═══ EXTRACTED ENTRIES

(* Let $A,B,C,D\in\mathsf{W}_\omega$ be such that $|A|=|B|$ and, for every position $i$, the $i$-th symbol of $A$ is $\le$ the $i$-th symbol of $B$. Then $A\precsim DBC$. Moreover, if either $C\neq\Lambda$ or the last symbols of $A$ and $B$ are different, then $A\prec DBC$.
   Context: Words are finite strings over $\mathbb{N}$; $\mathsf{W}_\omega$ is the set of all words, $\Lambda$ the empty word, juxtaposition denotes concatenation, $|A|$ is length. For $k\in\mathbb{N}$, $\mathsf{S}_k$ is the set of words all of whose symbols are $\ge k$. Given a linear preorder $\precsim$ with $A\sim B$ iff $A\precsim B\wedge B\precsim A$ and $A\prec B$ iff $A\precsim B\wedge\neg B\precsim A$, a finite sequence $(A_1,\dots,A_p)$ is lexicographically not greater than $(B_1,\dots,B_q)$ iff either $p\le q$ and $A_i\sim B_i$ for all $i\le p$, or there is $s<\min(p,q)$ with $A_i\sim B_i$ for $i\le s$ and $A_{s+1}\prec B_{s+1}$. A lexicographically maximal subsequence of a finite sequence is a subsequence that is lexicographically not less than every subsequence. The linear preorder $\precsim$ on $\mathsf{W}_\omega$ is defined by recursion on (largest symbol of $AB$) $-$ (smallest symbol of $AB$): $\Lambda\precsim\Lambda$; if $AB$ is nonempty with minimal symbol $n$, write uniquely $A=A_1n\cdots nA_k$, $B=B_1n\cdots nB_l$ ($k,l\ge1$) with $A_i,B_j\in\mathsf{S}_{n+1}$ (possibly empty); let $C,D$ be lexicographically maximal subsequences of $(A_1,\dots,A_k)$, $(B_1,\dots,B_l)$; then $A\precsim B$ iff $C$ is lexicographically not greater than $D$. *)

theory Defs
  imports Main
begin

(* Words are lists of naturals; [] is the empty word Lambda. *)

fun wsplit :: "nat \<Rightarrow> nat list \<Rightarrow> nat list list" where
  "wsplit n [] = [[]]"
| "wsplit n (x # xs) =
     (if x = n then [] # wsplit n xs
      else (let r = wsplit n xs in (x # hd r) # tl r))"

definition lexle :: "('a \<Rightarrow> 'a \<Rightarrow> bool) \<Rightarrow> 'a list \<Rightarrow> 'a list \<Rightarrow> bool" where
  "lexle r X Y \<longleftrightarrow>
     (length X \<le> length Y \<and> (\<forall>i<length X. r (X!i) (Y!i) \<and> r (Y!i) (X!i)))
   \<or> (\<exists>s < min (length X) (length Y).
        (\<forall>i<s. r (X!i) (Y!i) \<and> r (Y!i) (X!i)) \<and> r (X!s) (Y!s) \<and> \<not> r (Y!s) (X!s))"

definition lexmax :: "('a \<Rightarrow> 'a \<Rightarrow> bool) \<Rightarrow> 'a list \<Rightarrow> 'a list \<Rightarrow> bool" where
  "lexmax r Xs C \<longleftrightarrow> C \<in> set (subseqs Xs) \<and> (\<forall>S \<in> set (subseqs Xs). lexle r S C)"

(* fuel-bounded version of the recursion; fuel only needs to exceed the spread *)
fun wle_f :: "nat \<Rightarrow> nat list \<Rightarrow> nat list \<Rightarrow> bool" where
  "wle_f 0 A B = True"
| "wle_f (Suc k) A B =
     (if A @ B = [] then True
      else (let n = Min (set (A @ B)) in
            \<exists>C D. lexmax (wle_f k) (wsplit n A) C \<and> lexmax (wle_f k) (wsplit n B) D
                  \<and> lexle (wle_f k) C D))"

(* A \<precsim> B : recursion on (largest symbol of AB) - (smallest symbol of AB) *)
definition wle :: "nat list \<Rightarrow> nat list \<Rightarrow> bool" where
  "wle A B = wle_f (Suc (Max (set (A @ B)) - Min (set (A @ B)))) A B"

definition wless :: "nat list \<Rightarrow> nat list \<Rightarrow> bool" where
  "wless A B \<longleftrightarrow> wle A B \<and> \<not> wle B A"

end

theory Submission
  imports Defs "HOL-Library.List_Lexorder"
begin

text \<open>
  The preorder \<open>wle\<close> is the pullback of a genuine linear order. A word with symbols in
  \<open>{n..M}\<close> is encoded at level \<open>n\<close> as the tree whose children are the lexicographically
  maximal subsequence of the level-\<open>n+1\<close> codes of its \<open>n\<close>-blocks; in a linear order that
  maximal subsequence is just the list of right-to-left maxima. The theorem is then proved for
  the codes at every level, descending from the largest symbol. If \<open>n\<close> does not occur in
  \<open>B\<close>, then \<open>B\<close> lies inside a single block of \<open>DBC\<close>, which dominates every block of \<open>A\<close>.
  Otherwise cut \<open>A\<close> and \<open>B\<close> at the last occurrence of \<open>n\<close> in \<open>B\<close> (where \<open>A\<close> must carry
  \<open>n\<close> too) and use that right-to-left maxima are monotone in both parts of a concatenation.
\<close>

section \<open>Trees ordered lexicographically\<close>

datatype tree = Node "tree list"

function tree_le :: "tree \<Rightarrow> tree \<Rightarrow> bool"
  and trees_le :: "tree list \<Rightarrow> tree list \<Rightarrow> bool" where
  "tree_le (Node xs) (Node ys) = trees_le xs ys"
| "trees_le [] ys = True"
| "trees_le (x # xs) [] = False"
| "trees_le (x # xs) (y # ys) =
    ((tree_le x y \<and> \<not> tree_le y x) \<or> (tree_le x y \<and> tree_le y x \<and> trees_le xs ys))"
  by pat_completeness auto
termination
  by (relation "measure (case_sum (\<lambda>(x, y). size x + size y)
    (\<lambda>(xs, ys). size_list size xs + size_list size ys))") auto

lemma tree_le_refl: "tree_le x x"
proof (induction x)
  case (Node xs)
  then show ?case by (induction xs) auto
qed

lemma tree_le_total: "tree_le x y \<or> tree_le y x"
proof (induction x arbitrary: y)
  case (Node xs)
  obtain ys where y: "y = Node ys" by (cases y)
  have "trees_le xs ys \<or> trees_le ys xs" using Node
  proof (induction xs arbitrary: ys)
    case Nil then show ?case by simp
  next
    case (Cons a xs) then show ?case by (cases ys) auto
  qed
  then show ?case using y by simp
qed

══════

WHAT IS REQUIRED:
Which of the lines in the data contain the string "linear"? Return each one.

SOLUTION TO THIS EXERCISE:
   Context: Words are finite strings over $\mathbb{N}$; $\mathsf{W}_\omega$ is the set of all words, $\Lambda$ the empty word, juxtaposition denotes concatenation, $|A|$ is length. For $k\in\mathbb{N}$, $\mathsf{S}_k$ is the set of words all of whose symbols are $\ge k$. Given a linear preorder $\precsim$ with $A\sim B$ iff $A\precsim B\wedge B\precsim A$ and $A\prec B$ iff $A\precsim B\wedge\neg B\precsim A$, a finite sequence $(A_1,\dots,A_p)$ is lexicographically not greater than $(B_1,\dots,B_q)$ iff either $p\le q$ and $A_i\sim B_i$ for all $i\le p$, or there is $s<\min(p,q)$ with $A_i\sim B_i$ for $i\le s$ and $A_{s+1}\prec B_{s+1}$. A lexicographically maximal subsequence of a finite sequence is a subsequence that is lexicographically not less than every subsequence. The linear preorder $\precsim$ on $\mathsf{W}_\omega$ is defined by recursion on (largest symbol of $AB$) $-$ (smallest symbol of $AB$): $\Lambda\precsim\Lambda$; if $AB$ is nonempty with minimal symbol $n$, write uniquely $A=A_1n\cdots nA_k$, $B=B_1n\cdots nB_l$ ($k,l\ge1$) with $A_i,B_j\in\mathsf{S}_{n+1}$ (possibly empty); let $C,D$ be lexicographically maximal subsequences of $(A_1,\dots,A_k)$, $(B_1,\dots,B_l)$; then $A\precsim B$ iff $C$ is lexicographically not greater than $D$. *)
  The preorder \<open>wle\<close> is the pullback of a genuine linear order. A word with symbols in
  maximal subsequence of the level-\<open>n+1\<close> codes of its \<open>n\<close>-blocks; in a linear order that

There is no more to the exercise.